Here’s a short example of how encrypted traffic could be recovered at a later date. If a connection to a HTTPS website uses the RSA key exchange algorithm (now considered insecure), then it is vulnerable to this scenario. When the encrypted session is set up, the client (browser or Java program) decides the shared secret. It encrypts this value using the server’s public key (which is present in the certificate). This encrypted shared secret is then sent to the server, and future secret communications are based on that. So, if the private key of the server was recovered by a malicious third party, then past and future traffic could be decrypted by that party.
To prevent this scenario, key exchange can be carried out with a property known as Perfect Forward Secrecy. This means that communications are encrypted by a one-time, ephemeral session key which exists only for that session. So traffic cannot be decrypted at a later date unless you have the one-time key for that particular session.
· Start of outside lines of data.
text \<open>With \<open>t = t\<^sub>a t\<^sub>b\<close> and \<open>Q = 1 + t + \<dots> + t\<^bsup>l-1\<^esup>\<close>, the relation \<open>(ab)\<^sup>l = (ba)\<^sup>l\<close> reads
  \<open>Q (t\<^sub>a - 1) c\<^sub>b \<equiv> Q (t\<^sub>b - 1) c\<^sub>a\<close>. Once \<open>c\<^sub>a\<close> vanishes, \<open>t\<^sub>a - 1\<close> and then \<open>(1 - t) Q = 1 - t\<^sup>l\<close>
  are cancelled, both being non-zero-divisors since \<open>\<psi> a \<noteq> 0 = \<psi> b\<close>.\<close>

lemma zero_in_Lambda_coeff_of_commutation:
  fixes \<psi> :: "('g \<Rightarrow>\<^sub>0 int) \<Rightarrow> int"
  assumes "finite S" and "b \<in> S" and "1 \<le> l"
    and relation: "zero_in_Lambda N
      (fox_combination S c (pos_pow l [a, b]) - fox_combination S c (pos_pow l [b, a]))"
    and \<psi>: "additive \<psi>" and vanish: "\<And>x. x \<in> N \<Longrightarrow> \<psi> x = 0"
    and \<psi>_a: "\<psi> (Poly_Mapping.single a 1) \<noteq> 0" and \<psi>_b: "\<psi> (Poly_Mapping.single b 1) = 0"
    and coeff_a: "zero_in_Lambda N (fox_combination S c [(a, False)])"
  shows "zero_in_Lambda N (c b)"
proof -
  define ta where "ta = Poly_Mapping.single a (1::int)"
  define tb where "tb = Poly_Mapping.single b (1::int)"
  define Q where "Q = (\<Sum>j<l. grp_elt (ta + tb) ^ j)"
  define ca where "ca = fox_combination S c [(a, False)]"
  have "ab_word (map (\<lambda>g. (g, False)) [a, b]) = ta + tb"
    and "ab_word (map (\<lambda>g. (g, False)) [b, a]) = ta + tb"
    by (simp_all add: ab_word_def ta_def tb_def add.commute)
  moreover have "fox_combination S c (map (\<lambda>g. (g, False)) [a, b]) = ca + grp_elt ta * c b"
    and "fox_combination S c (map (\<lambda>g. (g, False)) [b, a]) = c b + grp_elt tb * ca"
    using assms(1,2)
    by (simp_all add: ca_def ta_def tb_def fox_combination_Cons[of _ _ _ "[_]"]
        fox_combination_pos_letter ab_word_letter)
  ultimately have "(Q * c b) * (grp_elt ta - grp_elt 0) =
      (fox_combination S c (pos_pow l [a, b]) - fox_combination S c (pos_pow l [b, a]))
      - (Q * (1 - grp_elt tb)) * ca"
    unfolding fox_combination_pos_pow Q_def by (simp add: algebra_simps)
  then have "zero_in_Lambda N ((Q * c b) * (grp_elt ta - grp_elt 0))"
    using zero_in_Lambda_diff[OF relation zero_in_Lambda_mult_left[OF coeff_a[folded ca_def]]]
    by simp
  moreover have "\<psi> ta \<noteq> \<psi> 0"
    using \<psi>_a by (simp add: ta_def additive.zero[OF \<psi>])
  ultimately have "zero_in_Lambda N (Q * c b)"
    using zero_in_Lambda_cancel_grp_elt_diff[OF _ \<psi> vanish] by blast
  moreover have "(1 - grp_elt (ta + tb)) * (Q * c b) = c b * (grp_elt 0 - grp_elt (\<Sum>_<l. ta + tb))"
  proof -
    have "(1 - grp_elt (ta + tb)) * Q = 1 - grp_elt (\<Sum>_<l. ta + tb)"
      unfolding Q_def grp_elt_power[symmetric] by (rule one_diff_power_eq[symmetric])
    then show ?thesis by (metis grp_elt_0 mult.assoc mult.commute)
  qed
  ultimately have "zero_in_Lambda N (c b * (grp_elt 0 - grp_elt (\<Sum>_<l. ta + tb)))"
    by (metis zero_in_Lambda_mult_left)
  moreover have "\<psi> 0 \<noteq> \<psi> (\<Sum>_<l. ta + tb)"
    using \<open>1 \<le> l\<close> \<psi>_a \<psi>_b
    by (simp add: ta_def tb_def additive.zero[OF \<psi>] additive.sum[OF \<psi>] additive.add[OF \<psi>])
  ultimately show ?thesis
    using zero_in_Lambda_cancel_grp_elt_diff[OF _ \<psi> vanish] by blast
qed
Whether Perfect Forward Secrecy is possible depends on the key exchange algorithm selected between the client and server, as part of the TLS handshake. There have been a number of versions of TLS (1.0 to 1.3), each version improving security. The most recent version (1.3) entirely removes support for key exchange algorithms which do not support Perfect Forward Secrecy, such as RSA. Support for TLS 1.3 was added in Java 11, so it can be said that Java 11 can ensure Perfect Forward Secrecy in secure communications, as long as the web server also supports TLS 1.3.
In closing, when developing software, security and privacy should be a high priority. So keep your Java installations up to date!
Don’t be tempted to work around security-related errors when they occur. Instead, understand what they really mean and fix any underlying problems which compromise security.